Work to complete: Within the entries below, the lines from the one with "by (rule linearI)" through the one with "n1 n2 x) n1" are to be set down exactly, both ends kept.

■ ■ ■ ■ ■ ■ ■

lemma ideal_points_eq_if_mink_nonneg:
  assumes "norm \<xi> = 1" "norm \<eta> = 1" "mink (\<xi>, 1) (\<eta>, 1) \<ge> 0"
  shows "\<xi> = \<eta>"
proof -
  have "\<xi> \<bullet> \<eta> \<ge> 1" "\<xi> \<bullet> \<xi> = 1" "\<eta> \<bullet> \<eta> = 1"
    using assms by (simp_all add: mink_def power2_norm_eq_inner[symmetric])
  then have "norm (\<xi> - \<eta>)^2 \<le> 0"
    by (simp add: power2_norm_eq_inner inner_diff_left inner_diff_right inner_commute)
  then show ?thesis by simp
qed

lemma timelike_scaleR_in_H4:
  assumes "mink v v < 0"
  obtains c where "c *\<^sub>R v \<in> H4"
proof -
  have t: "snd v \<noteq> 0"
  proof
    assume "snd v = 0"
    then have "mink v v = fst v \<bullet> fst v" by (simp add: mink_def)
    then show False using assms by (simp add: inner_ge_zero leD)
  qed
  define s where "s = sqrt (- mink v v)"
  have s: "s > 0" "s^2 = - mink v v" using assms by (auto simp: s_def)
  define c where "c = sgn (snd v) / s"
  have "mink (c *\<^sub>R v) (c *\<^sub>R v) = c^2 * mink v v" by (simp add: power2_eq_square)
  also have "c^2 = 1 / s^2" using t by (simp add: c_def power_divide sgn_if)
  finally have "mink (c *\<^sub>R v) (c *\<^sub>R v) = -1" using s assms by simp
  moreover have "snd (c *\<^sub>R v) = \<bar>snd v\<bar> / s" using t by (simp add: c_def sgn_if)
  then have "snd (c *\<^sub>R v) > 0" using s t by simp
  ultimately show thesis using that by (auto simp: H4_def)
qed

lemma mink_ideal_point_eq_0:
  assumes "\<xi> \<in> closure (klein ` S)" and "S \<subseteq> hyperplane n"
  shows "mink n (\<xi>, 1) = 0"
proof -
  have "klein ` S \<subseteq> {y. fst n \<bullet> y = snd n}"
  proof
    fix y assume "y \<in> klein ` S"
    then obtain p where p: "p \<in> hyperplane n" "y = klein p" using assms(2) by auto
    then have "fst n \<bullet> fst p = snd n * snd p" "snd p > 0"
      by (simp_all add: hyperplane_def H4_def mink_def)
    then show "y \<in> {y. fst n \<bullet> y = snd n}"
      using p(2) by (simp add: klein_def inner_scaleR_right)
  qed
  then have "closure (klein ` S) \<subseteq> {y. fst n \<bullet> y = snd n}"
    by (intro closure_minimal) (auto intro: closed_hyperplane)
  with assms(1) show ?thesis by (auto simp: mink_def)
qed

lemma mink_refl:
  assumes "mink n n \<noteq> 0"
  shows "mink (refl n x) (refl n y) = mink x y"
proof -
  define a where "a = 2 * mink x n / mink n n"
  define b where "b = 2 * mink y n / mink n n"
  have "mink (refl n x) (refl n y) = mink x y - b * mink x n - a * mink n y + a * b * mink n n"
    unfolding refl_def a_def[symmetric] b_def[symmetric] by (simp add: algebra_simps)
  also have "a * b * mink n n = 4 * mink x n * mink y n / mink n n"
    using assms by (simp add: a_def b_def)
  finally show ?thesis
    using assms by (simp add: a_def b_def mink_commute[of n y] add_divide_distrib diff_divide_distrib)
qed

definition half_turn_map :: "mpt \<Rightarrow> mpt \<Rightarrow> mpt \<Rightarrow> mpt" where
  "half_turn_map n1 n2 x =
     x - (2 * mink x n2 / mink n2 n2) *\<^sub>R n2 - (2 * mink x n1 / mink n1 n1) *\<^sub>R n1"

lemma refl_comp_refl_orthogonal:
  "mink n1 n2 = 0 \<Longrightarrow> refl n1 \<circ> refl n2 = half_turn_map n1 n2"
  unfolding refl_def half_turn_map_def by (auto simp: mink_commute[of n2 n1] algebra_simps)

lemma linear_half_turn_map: "linear (half_turn_map n1 n2)"
  by (rule linearI) (simp_all add: half_turn_map_def add_divide_distrib algebra_simps)

context
  fixes n1 n2 :: mpt
  assumes spacelike: "mink n1 n1 > 0" "mink n2 n2 > 0" and orthogonal: "mink n1 n2 = 0"
begin

lemma mink_half_turn_map:
  "mink (half_turn_map n1 n2 x) (half_turn_map n1 n2 y) = mink x y"
  using spacelike orthogonal refl_comp_refl_orthogonal[of n1 n2]
  by (metis comp_apply less_irrefl mink_refl)

lemma mink_half_turn_map_normal:
  "mink (half_turn_map n1 n2 x) n1 = - mink x n1"
  "mink (half_turn_map n1 n2 x) n2 = - mink x n2"
  using spacelike orthogonal by (simp_all add: half_turn_map_def mink_commute[of n2 n1])

lemma half_turn_map_involution: "half_turn_map n1 n2 (half_turn_map n1 n2 x) = x"
  by (subst (1) half_turn_map_def, simp add: mink_half_turn_map_normal, simp add: half_turn_map_def)

lemma half_turn_map_fixed_iff:
  "half_turn_map n1 n2 x = x \<longleftrightarrow> mink x n1 = 0 \<and> mink x n2 = 0"
proof
  assume "half_turn_map n1 n2 x = x"
  then show "mink x n1 = 0 \<and> mink x n2 = 0"
    using mink_half_turn_map_normal[of x] by simp
qed (simp add: half_turn_map_def)

lemma mink_self_half_turn_map:
  "mink x (half_turn_map n1 n2 x) =
     mink x x - 2 * (mink x n2)^2 / mink n2 n2 - 2 * (mink x n1)^2 / mink n1 n1"
  by (simp add: half_turn_map_def power2_eq_square)

lemma mink_self_half_turn_map_le: "mink x (half_turn_map n1 n2 x) \<le> mink x x"
proof -
  have "(mink x n2)^2 / mink n2 n2 \<ge> 0" "(mink x n1)^2 / mink n1 n1 \<ge> 0"
    using spacelike by auto
  then show ?thesis by (simp add: mink_self_half_turn_map)
qed

lemma mink_self_half_turn_map_eq_imp_fixed:
  assumes "mink x (half_turn_map n1 n2 x) = mink x x"
  shows "half_turn_map n1 n2 x = x"
proof -
  have "(mink x n2)^2 / mink n2 n2 \<ge> 0" "(mink x n1)^2 / mink n1 n1 \<ge> 0"
    using spacelike by auto
  then have "(mink x n2)^2 / mink n2 n2 = 0" "(mink x n1)^2 / mink n1 n1 = 0"
    using assms unfolding mink_self_half_turn_map by linarith+
  then show ?thesis using spacelike by (simp add: half_turn_map_fixed_iff)
qed

end

lemma is_half_turnE:
  assumes "is_half_turn P h"
  obtains n1 n2 where "mink n1 n1 > 0" "mink n2 n2 > 0" "mink n1 n2 = 0"
    "P = hyperplane n1 \<inter> hyperplane n2" "h = half_turn_map n1 n2"
  using assms refl_comp_refl_orthogonal unfolding is_half_turn_def by metis

locale mink_involution =
  fixes f :: "mpt \<Rightarrow> mpt"
  assumes linear: "linear f"
    and isometry: "mink (f x) (f y) = mink x y"
    and involution: "f (f x) = x"
    and mink_self_le: "mink x (f x) \<le> mink x x"
    and mink_self_eq_imp_fixed: "mink x (f x) = mink x x \<Longrightarrow> f x = x"

locale disjoint_involutions = f: mink_involution f + g: mink_involution g for f g +
  assumes common_fixed_not_timelike: "f v = v \<Longrightarrow> g v = v \<Longrightarrow> mink v v \<ge> 0"
begin

lemma comp_fixed_imp_eq: "f (g x) = x \<Longrightarrow> g x = f x"
  by (metis f.involution)

lemma comp_fixed_imp_common_fixed:
  assumes "f (g x) = x"
  shows "f (x + f x) = x + f x" "g (x + f x) = x + f x"
proof -
  have "g (f x) = x" using comp_fixed_imp_eq[OF assms] g.involution by metis
  then show "f (x + f x) = x + f x" "g (x + f x) = x + f x"
    using comp_fixed_imp_eq[OF assms] f.involution
    by (simp_all add: linear_add[OF f.linear] linear_add[OF g.linear] add.commute)
qed

lemma comp_fixed_imp_mink_nonneg:
  assumes "f (g x) = x"
  shows "mink x x + mink x (f x) \<ge> 0"
proof -
  have "mink (x + f x) (x + f x) \<ge> 0"
    using comp_fixed_imp_common_fixed[OF assms] by (rule common_fixed_not_timelike)
  then show ?thesis by (simp add: f.isometry mink_commute[of "f x" x])
qed

lemma comp_no_fixed_point_in_H4: "p \<in> H4 \<Longrightarrow> f (g p) \<noteq> p"
  using comp_fixed_imp_mink_nonneg f.mink_self_le[of p] by (fastforce simp: H4_def)

lemma null_comp_fixed_imp_common_fixed:
  assumes "mink x x = 0" "f (g x) = x"
  shows "f x = x" "g x = x"
proof -
  show "f x = x"
    using comp_fixed_imp_mink_nonneg[OF assms(2)] f.mink_self_le[of x] assms(1)
    by (intro f.mink_self_eq_imp_fixed) simp
  then show "g x = x" using comp_fixed_imp_eq[OF assms(2)] by simp
qed

lemma mink_null_eigenvector_nonneg:
  assumes "f e0 = e0" "g e0 = e0" "mink e0 e0 = 0" and "mink e e = 0" "f (g e) = c *\<^sub>R e"
  shows "mink e0 e \<ge> 0"
proof (cases "c = 1")
  case True
  then have "f e = e" "g e = e" using null_comp_fixed_imp_common_fixed assms(4,5) by simp_all
  then have "mink (e + e0) (e + e0) \<ge> 0"
    using assms(1,2) by (intro common_fixed_not_timelike)
      (simp_all add: linear_add[OF f.linear] linear_add[OF g.linear])
  then show ?thesis using assms(3,4) by (simp add: mink_commute[of e e0])
next
  case False
  have "mink (f (g e0)) (f (g e)) = mink e0 e" by (simp add: f.isometry g.isometry)
  then have "c * mink e0 e = mink e0 e" using assms(1,2,5) by simp
  then show ?thesis using False by simp
qed

end

lemma half_turn_mink_involution:
  assumes "is_half_turn P h"
  shows "mink_involution h"
proof -
  obtain n1 n2 where n: "mink n1 n1 > 0" "mink n2 n2 > 0" "mink n1 n2 = 0"
    and h: "h = half_turn_map n1 n2"
    using assms by (rule is_half_turnE)
  show ?thesis
    unfolding h using n
    by unfold_locales
      (simp_all add: linear_add[OF linear_half_turn_map] linear_scale[OF linear_half_turn_map]
        mink_half_turn_map half_turn_map_involution
        mink_self_half_turn_map_le mink_self_half_turn_map_eq_imp_fixed)
qed

lemma half_turn_fixed_point_in_plane:
  assumes "is_half_turn P h" "p \<in> H4" "h p = p"
  shows "p \<in> P"
proof -
  obtain n1 n2 where n: "mink n1 n1 > 0" "mink n2 n2 > 0" "mink n1 n2 = 0"
    and P: "P = hyperplane n1 \<inter> hyperplane n2" and h: "h = half_turn_map n1 n2"
    using assms(1) by (rule is_half_turnE)
  show ?thesis
    using assms(2,3) half_turn_map_fixed_iff[OF n] unfolding P h hyperplane_def
    by (simp add: mink_commute[of p])
qed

■ ■ ■ ■ ■ ■ ■

Output below:
  by (rule linearI) (simp_all add: half_turn_map_def add_divide_distrib algebra_simps)

context
  fixes n1 n2 :: mpt
  assumes spacelike: "mink n1 n1 > 0" "mink n2 n2 > 0" and orthogonal: "mink n1 n2 = 0"
begin

lemma mink_half_turn_map:
  "mink (half_turn_map n1 n2 x) (half_turn_map n1 n2 y) = mink x y"
  using spacelike orthogonal refl_comp_refl_orthogonal[of n1 n2]
  by (metis comp_apply less_irrefl mink_refl)

lemma mink_half_turn_map_normal:
  "mink (half_turn_map n1 n2 x) n1 = - mink x n1"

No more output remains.